Okay, so picture a triangular arrangement that consists of a number of unit triangles (side lengths that equal to 1). The series for the total number of unit triangles in the "diagram" would be 1 + 3 + 5 + 7.

I need to find how many unit triangles are there if there are 10 rows in the triangular arrangement.

I used this formula: $S_{n}$ = $\frac {n}{2} [2t_{1} + (n - 1)d]$ with my:

• $n$ = 10
• $t_1$ = 1
• $d$ = 2

here's my work:

$S_{10}$ = $\frac {10}{2} [2(1) + (10 - 1)2]$

$S_{10}$ = 5 [2 + 38]

$S_{10}$ = $200$

The answer in the textbook is $100$,what did I do wrong?

Answer 1

You made a type with your formula. The complete calculation should look like this. $$S_{10}=[2(1)+(10-1)2]$$ $$S_{10}=5[2+18]$$ $$S_{10}=100$$ You made a simple typo when you were working on this expression:$(10-1)2$

Answer 2

I did this mentally, without recourse to any diagram (so I hope it fits). It's based on what you provided as an example sequence.

For $10$ rows, the series would be $1 + 3 + 5 + ... + T_{10}$

where $T_{10}$ would be the $10$th odd number (not really necessary to bother computing it right now, even if it's easy.

Let the sum of the above be $S$.

Now, let's make it a series that we're all very familiar with.

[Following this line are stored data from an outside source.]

(* For any integer $m\ge0$, both $\{E_n(x)^{q^m}\}_{n\ge0}$ and $\{\mathcal{D}_n(x)^{q^m}\}_{n\ge0}$ are orthonormal bases of $LC(O,K)$.
   Context: Let $q$ be a prime power, $K=\mathbf{F}_q((T))$, $O=\mathbf{F}_q[[T]]$ with $T$-adic absolute value. $LC(O,K)$ is the $K$-Banach space of continuous $\mathbf{F}_q$-linear functions $O\to K$ with sup-norm; a sequence $(f_n)$ is an orthonormal basis if every $f$ can be written uniquely as $f=\sum a_nf_n$ with $a_n\in K$, $a_n\to0$, and then $\|f\|=\max|a_n|$. For $n\ge1$: $[n]=T^{q^n}-T$, $F_0=1$, $F_n=[n][n-1]^q\cdots[1]^{q^{n-1}}$, $e_n(x)=\prod_{m\in\mathbf{F}_q[T],\deg m<n}(x-m)$; $E_0(x)=x$, $E_n=e_n/F_n$. Hasse derivatives: $\mathcal{D}_n(\sum_ia_iT^i)=\sum_i\binom{i}{n}a_iT^{i-n}$ (binomials in $\mathbf{F}_q$). *)

theory Defs
  imports "HOL-Analysis.Analysis" "HOL-Computational_Algebra.Formal_Laurent_Series"
begin

text \<open>Setting: F_q is a finite field type 'a, q = CARD('a).
  K = F_q((T)) is the type 'a fls, O = F_q[[T]] is the type 'a fps,
  embedded into K via fps_to_fls.\<close>

definition tabs :: "'a::{field,finite} fls \<Rightarrow> real" where
  "tabs a = (if a = 0 then 0 else real CARD('a) powi (- fls_subdegree a))"

definition tcont :: "('a::{field,finite} fps \<Rightarrow> 'a fls) \<Rightarrow> bool" where
  "tcont f \<longleftrightarrow> (\<forall>x. \<forall>e>0. \<exists>d>0. \<forall>y.
      tabs (fps_to_fls y - fps_to_fls x) < d \<longrightarrow> tabs (f y - f x) < e)"
lemma (in prob_space) prob_Int_ge:
  assumes "A \<in> events" "B \<in> events"
  shows "prob A - (1 - prob B) \<le> prob (A \<inter> B)"
proof -
  have "prob A = prob (A \<inter> B) + prob (A - B)"
    using assms by (subst finite_measure_Union[symmetric]) (auto intro: arg_cong[where f = prob])
  also have "prob (A - B) \<le> prob (space M - B)"
    using assms by (intro finite_measure_mono) (auto dest: sets.sets_into_space)
  also have "prob (space M - B) = 1 - prob B" by (rule prob_compl[OF assms(2)])
  finally show ?thesis by simp
qed

lemma tendsto_of_approximating_bounds:
  fixes u :: "nat \<Rightarrow> real" and lo hi :: "nat \<Rightarrow> nat \<Rightarrow> real"
  assumes lo: "\<And>j n. lo j n \<le> u n" and hi: "\<And>j n. u n \<le> hi j n"
    and "\<And>j. lo j \<longlonglongrightarrow> A j" "\<And>j. hi j \<longlonglongrightarrow> B j" and "A \<longlonglongrightarrow> L" "B \<longlonglongrightarrow> L"
  shows "u \<longlonglongrightarrow> L"
proof (rule tendstoI)
  fix e :: real assume e: "e > 0"
  have "\<forall>\<^sub>F j in sequentially. dist (A j) L < e / 2 \<and> dist (B j) L < e / 2"
    using e assms(5,6) by (intro eventually_conj tendstoD) auto
  then obtain j where j: "dist (A j) L < e / 2" "dist (B j) L < e / 2"
    unfolding eventually_sequentially by blast
  have "\<forall>\<^sub>F n in sequentially. dist (lo j n) (A j) < e / 2 \<and> dist (hi j n) (B j) < e / 2"
    using e assms(3,4) by (intro eventually_conj tendstoD) auto
  then show "\<forall>\<^sub>F n in sequentially. dist (u n) L < e"
  proof eventually_elim
    case (elim n)
    then show ?case using lo[where j = j and n = n] hi[where j = j and n = n] j unfolding dist_real_def abs_less_iff by linarith
  qed
qed

lemma measure_path_less_le_path_le:
  assumes "finite_measure M" "cont_process M X" "finite (discontinuities g)"
  shows "measure M (path_less M X g) \<le> measure M (path_le M X g)"
  using assms(2,3)
  by (intro finite_measure.finite_measure_mono[OF assms(1)] sets_path_le) (auto simp: path_less_def path_le_def)

lemma measure_path_le_shift_le_path_less:
  assumes "finite_measure M" "cont_process M X" "finite (discontinuities g)" "c > 0"
  shows "measure M (path_le M X (\<lambda>t. g t - c)) \<le> measure M (path_less M X g)"
  using assms(2-4)
  by (intro finite_measure.finite_measure_mono[OF assms(1)] sets_path_less) (auto simp: path_less_def path_le_def)
(* Let $n,t\in\mathbb N$, let $\mathcal H$ be an $n$-vertex hypergraph with more than $tn$ edges, and let $r:=e(\mathcal H)-tn$. If there exist distinct pairwise intersecting edges $e_1,\dots,e_{2r+2}\in\mathcal H$ such that $\{e_{2i-1},e_{2i}\}$ is $t$-useful for every $i\in[r+1]$, then $\chi'_\ell(\mathcal H)<tn$.
   Context: A hypergraph $\mathcal H$ has a finite vertex set $V(\mathcal H)$ and a finite set of edges, each edge $e$ with a nonempty set $V(e)\subseteq V(\mathcal H)$ (multiple edges allowed); $n$-vertex means $|V(\mathcal H)|=n$; $e(\mathcal H)$ is the number of edges. Edges $f_1,\dots,f_k$ are pairwise intersecting if their vertex sets pairwise intersect. $N(e)$ is the set of edges $f\neq e$ with $V(e)\cap V(f)\neq\emptyset$. In an $n$-vertex hypergraph, a pair $\{e,f\}$ of distinct edges is $t$-useful if $V(e)\cap V(f)\neq\emptyset$ and $|N(e)\cap N(f)|\leq tn-3$. The list chromatic index $\chi'_\ell(\mathcal H)$ is the least $s$ such that for every assignment of lists $C(e)$ with $|C(e)|\geq s$ there is a proper edge-colouring $\phi$ (distinct edges of equal colour have disjoint vertex sets) with $\phi(e)\in C(e)$ for all $e$. $[m]=\{1,\dots,m\}$. *)

theory Defs
  imports Main
begin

Add $1$ to each term to get:

$2 + 4 + 6 + ... + (T_{10} + 1)$

Now halve each term to get:

$1 + 2 + 3 + ... + \frac{(T_{10}+ 1)}2$

You should now be able to recognise that the last term is just $10$ since you should have ten terms and you're just summing the first ten natural numbers.

So:

$\frac{S+10}{2} = 1 + 2 + 3 + ... + 10 = \frac 12 (10)(10+11)$

(Here I used the well known sum for a natural number series, which is the same as the sum of the first ten triangular numbers. You can also easily derive this from an arithmetic series formula).

$S+10 = (10)(11)$

$S = (10)(10) = 100$

As required.